Так и жила, между снами. Много времени прошло, месяца три.
Однажды ночью ушел от нее Григорий, оставив ее, как всегда, с бьющимся сердцем, с мокрыми глазами. Лежала, думала и вдруг почувствовала, что где-то глубоко в животе у нее забился живчик. Похоже, как, бывает, щеку дергает: так-так! Она и внимания не обратила, мало ли что бывает на нервной почве.
Другой раз живчик забился уже не ночью, а днем. Шла с бинтами, а он как запрыгает! Тут Анфиса поняла и похолодела. Не может быть! А живчик свое: так-так. Подтверждает. Прошла в процедурную, лица на ней нет, девчат перепугала. Ну и дела! Не может быть, она же неплодная.
Прошла неделя, и сомнений уже не оставалось: живчик был тут, живой, прыгал и стукал, радовался и набирался сил. Он-то радуется, а ей смерть. Пока, слава богу, не видно, а узнают — куда деваться?
А вскоре уже и заметно стало. Мылись с девчатами в бане, а санитарка Клава как скажет: "Тетя Фиса, да вы в положении!" Анфиса только голову опустила, чего уж тут говорить.

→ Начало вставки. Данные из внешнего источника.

(* Let $d\ge2$ and $L\ge1$ be integers, and define for real $x\in[0,L-1]$ $$\rho(x)=\frac{\Gamma(L+d)\,\Gamma(L)}{\Gamma(L+d+x)\,\Gamma(L-x)}.$$ Then $0<\rho(x)\le \exp\!\left(-\frac{2x(x+d)}{2L+d}\right)$ for all $x\in[0,L-1]$. In particular, for integers $0\le k\le L-1$, $$\frac{(L-1+d)!\,(L-1)!}{(L-1+d+k)!\,(L-1-k)!}\le e^{-\frac{2k(k+d)}{2L+d}}.$$
   Context: $\Gamma$ is the Euler gamma function, $\Gamma(n)=(n-1)!$. *)

theory Defs
  imports "HOL-Analysis.Analysis"
begin

definition rho :: "nat \<Rightarrow> nat \<Rightarrow> real \<Rightarrow> real" where
  "rho d L x = Gamma (real L + real d) * Gamma (real L)
      / (Gamma (real L + real d + x) * Gamma (real L - x))"

end

theory Submission
  imports Defs
begin

text \<open>Taking logarithms, the bound says that
  \<open>g(t) = ln \<Gamma>(L + d + t) + ln \<Gamma>(L - t) - 2t(t + d)/(2L + d)\<close> satisfies \<open>g 0 \<le> g x\<close>.
  With \<open>a = L - t\<close> and \<open>b = L + d + t\<close> one has \<open>a + b = 2L + d\<close>, so
  \<open>g'(t) = \<psi>(b) - \<psi>(a) - 2(b - a)/(a + b)\<close>, which is nonnegative because the trigamma function
  dominates \<open>1/t\<close> and \<open>1/t \<ge> 4a/(a + t)\<^sup>2\<close> by AM-GM. The argument only needs \<open>d \<ge> 0\<close>.\<close>

lemma Polygamma_1_ge_inverse:
  fixes x :: real
  assumes "x > 0"
  shows "1 / x \<le> Polygamma 1 x"
proof -
  have trigamma: "(\<lambda>n. inverse ((x + real n)\<^sup>2)) sums Polygamma 1 x"
    using Polygamma_LIMSEQ[of x 1] assms by (simp add: power2_eq_square)
  have vanishing: "(\<lambda>n. inverse (x + real n)) \<longlonglongrightarrow> 0"
    by (intro filterlim_compose[OF tendsto_inverse_0]
        tendsto_add_filterlim_at_infinity[OF tendsto_const]
        filterlim_at_top_imp_at_infinity filterlim_real_sequentially)
  have telescope:
    "(\<lambda>n. inverse (x + real n) - inverse (x + real (Suc n))) sums inverse x"
    using telescope_sums'[OF vanishing] by simp
  have "inverse (x + real n) - inverse (x + real (Suc n)) \<le> inverse ((x + real n)\<^sup>2)" for n
  proof -
    have pos: "x + real n > 0" using assms by simp
    have "inverse (x + real n) - inverse (x + real (Suc n)) = 1 / ((x + real n) * (x + real n + 1))"
      using pos by (simp add: field_simps)
    also have "\<dots> \<le> 1 / ((x + real n) * (x + real n))"
      using pos by (intro divide_left_mono mult_left_mono) auto
    finally show ?thesis by (simp add: power2_eq_square divide_inverse)
  qed
  from sums_le[OF this telescope trigamma] show ?thesis by (simp add: divide_inverse)
qed

lemma Digamma_diff_ge:
  fixes a b :: real
  assumes "0 < a" "a \<le> b"
  shows "2 * (b - a) / (a + b) \<le> Digamma b - Digamma a"
proof -
  let ?f = "\<lambda>t. Digamma t - 2 * (t - a) / (a + t)"
  have "?f a \<le> ?f b"
  proof (rule DERIV_nonneg_imp_nondecreasing[OF assms(2)])
    fix t assume "a \<le> t" "t \<le> b"
    then have t: "t > 0" "a + t > 0" using assms by auto
    have "(?f has_real_derivative (Polygamma 1 t - 4 * a / (a + t)\<^sup>2)) (at t)"
      using t by (auto intro!: derivative_eq_intros elim!: nonpos_Ints_cases
          simp: field_simps power2_eq_square)
    moreover have "4 * a / (a + t)\<^sup>2 \<le> 1 / t"
    proof -
      have "4 * a * t \<le> (a + t)\<^sup>2"
        using zero_le_power2[of "t - a"] by (simp add: power2_eq_square algebra_simps)
      then show ?thesis using t by (simp add: divide_simps)
    qed
    ultimately show "\<exists>y. (?f has_real_derivative y) (at t) \<and> 0 \<le> y"
      using Polygamma_1_ge_inverse[OF t(1)] by force
  qed
  then show ?thesis by simp
qed

lemma ln_Gamma_ratio_le:
  fixes p q x :: real
  assumes "0 < q" "q \<le> p" "0 \<le> x" "x < q"
  shows "ln_Gamma p + ln_Gamma q - ln_Gamma (p + x) - ln_Gamma (q - x)
           \<le> - (2 * x * (x + p - q)) / (p + q)"
proof -
  let ?g = "\<lambda>t. ln_Gamma (p + t) + ln_Gamma (q - t) - 2 * t * (t + p - q) / (p + q)"
  have "?g 0 \<le> ?g x"
  proof (rule DERIV_nonneg_imp_nondecreasing[OF assms(3)])
    fix t assume t: "0 \<le> t" "t \<le> x"
    define a b where "a = q - t" and "b = p + t"
    have ab: "0 < a" "a \<le> b" using assms t unfolding a_def b_def by auto
    have "(?g has_real_derivative Digamma b - Digamma a - (4 * t + 2 * (p - q)) / (p + q)) (at t)"
      using ab assms unfolding a_def b_def by (auto intro!: derivative_eq_intros)
    moreover have "(4 * t + 2 * (p - q)) / (p + q) \<le> Digamma b - Digamma a"
      using Digamma_diff_ge[OF ab] by (simp add: a_def b_def algebra_simps)
    ultimately show "\<exists>y. (?g has_real_derivative y) (at t) \<and> 0 \<le> y"
      by force
  qed
  then show ?thesis by simp
qed

lemma Gamma_ratio_le_exp:
  fixes p q x :: real
  assumes "0 < q" "q \<le> p" "0 \<le> x" "x < q"
  shows "Gamma p * Gamma q / (Gamma (p + x) * Gamma (q - x))
           \<le> exp (- (2 * x * (x + p - q)) / (p + q))"
proof -
  have pos: "p > 0" "q > 0" "p + x > 0" "q - x > 0" using assms by auto
  have "Gamma p * Gamma q / (Gamma (p + x) * Gamma (q - x))
          = exp (ln_Gamma p + ln_Gamma q - ln_Gamma (p + x) - ln_Gamma (q - x))"
    by (simp add: Gamma_real_pos_exp[OF pos(1)] Gamma_real_pos_exp[OF pos(2)]
        Gamma_real_pos_exp[OF pos(3)] Gamma_real_pos_exp[OF pos(4)] exp_add exp_diff)
  then show ?thesis using ln_Gamma_ratio_le[OF assms] by simp
qed

lemma rho_pos:
  assumes "0 \<le> x" "x < real L"
  shows "0 < rho d L x"
  using assms unfolding rho_def by (intro divide_pos_pos mult_pos_pos Gamma_real_pos) auto

lemma rho_le_exp:
  assumes "0 \<le> x" "x < real L"
  shows "rho d L x \<le> exp (- (2 * x * (x + real d)) / (2 * real L + real d))"
proof -
  have "rho d L x \<le> exp (- (2 * x * (x + (real L + real d) - real L)) / (real L + real d + real L))"
    unfolding rho_def by (rule Gamma_ratio_le_exp) (use assms in auto)
  also have "\<dots> = exp (- (2 * x * (x + real d)) / (2 * real L + real d))"
    by (simp add: algebra_simps)
  finally show ?thesis .
qed

lemma rho_of_nat:
  assumes "k < L"
  shows "rho d L (real k) = real (fact (L - 1 + d) * fact (L - 1))
                              / real (fact (L - 1 + d + k) * fact (L - 1 - k))"
proof -
  have shifts: "real L - real k = 1 + real (L - 1 - k)"
       "real L + real d = 1 + real (L - 1 + d)" "real L = 1 + real (L - 1)"
       "1 + real (L - 1 + d) + real k = 1 + real (L - 1 + d + k)"
    using assms by (auto simp: of_nat_diff)
  show ?thesis
    \<comment> \<open>the compound arguments must be rewritten before their subterm \<open>real L\<close>\<close>
    unfolding rho_def shifts(1) unfolding shifts(2) unfolding shifts(3,4) Gamma_fact by simp
qed

theorem mainTheorem6:
  fixes d L :: nat
  assumes "d \<ge> 2" and "L \<ge> 1"
  shows "(\<forall>x::real. 0 \<le> x \<and> x \<le> real L - 1 \<longrightarrow>
            0 < rho d L x \<and>
            rho d L x \<le> exp (- (2 * x * (x + real d)) / (2 * real L + real d)))
       \<and> (\<forall>k::nat. k \<le> L - 1 \<longrightarrow>
            real (fact (L - 1 + d) * fact (L - 1)) / real (fact (L - 1 + d + k) * fact (L - 1 - k))
              \<le> exp (- (2 * real k * (real k + real d)) / (2 * real L + real d)))"
proof (intro conjI allI impI)
  fix x :: real
  assume "0 \<le> x \<and> x \<le> real L - 1"
  then show "0 < rho d L x" "rho d L x \<le> exp (- (2 * x * (x + real d)) / (2 * real L + real d))"
    using rho_pos rho_le_exp by auto
next
  fix k :: nat
  assume "k \<le> L - 1"
  then have "k < L" using assms(2) by linarith
  then show "real (fact (L - 1 + d) * fact (L - 1)) / real (fact (L - 1 + d + k) * fact (L - 1 - k))
               \<le> exp (- (2 * real k * (real k + real d)) / (2 * real L + real d))"
    using rho_le_exp[of "real k" L d] by (simp add: rho_of_nat)
qed

end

Клавка, конечно, раззвонила по всему госпиталю. Стали люди на Анфису поглядывать да посмеиваться, а она погибать. Думала, не выдержит позора, даже приготовила таблетки, чтобы отравиться. Но оказалось все не так страшно. Люди посмеивались, но не очень, без издевательства. Дело обычное: в тыл отправят, только и всего. Главный хирург, правда, очень сердился: время горячее, а Анфиса у него лучшая сестра. "Вы у меня правую руку отрубили, поймите вы, глупая женщина!" Но потом и он присмирел, простил ее вину. А другие — те вообще не сердились, даже сочувствовали. Та же Клавка-брехунья норовила за нее тяжелую работу сделать. И раненых поднимать ей не давали, если кто крупный. Добрые все же люди. Про Федора-мужа никто и не помянул, да и про Григория мало говорили: поболтали и кончили, и выходило так, будто она, Анфиса, сама по себе в положении сделалась, и что теперь поделаешь — носи, рожай. Так что таблетки она выбросила.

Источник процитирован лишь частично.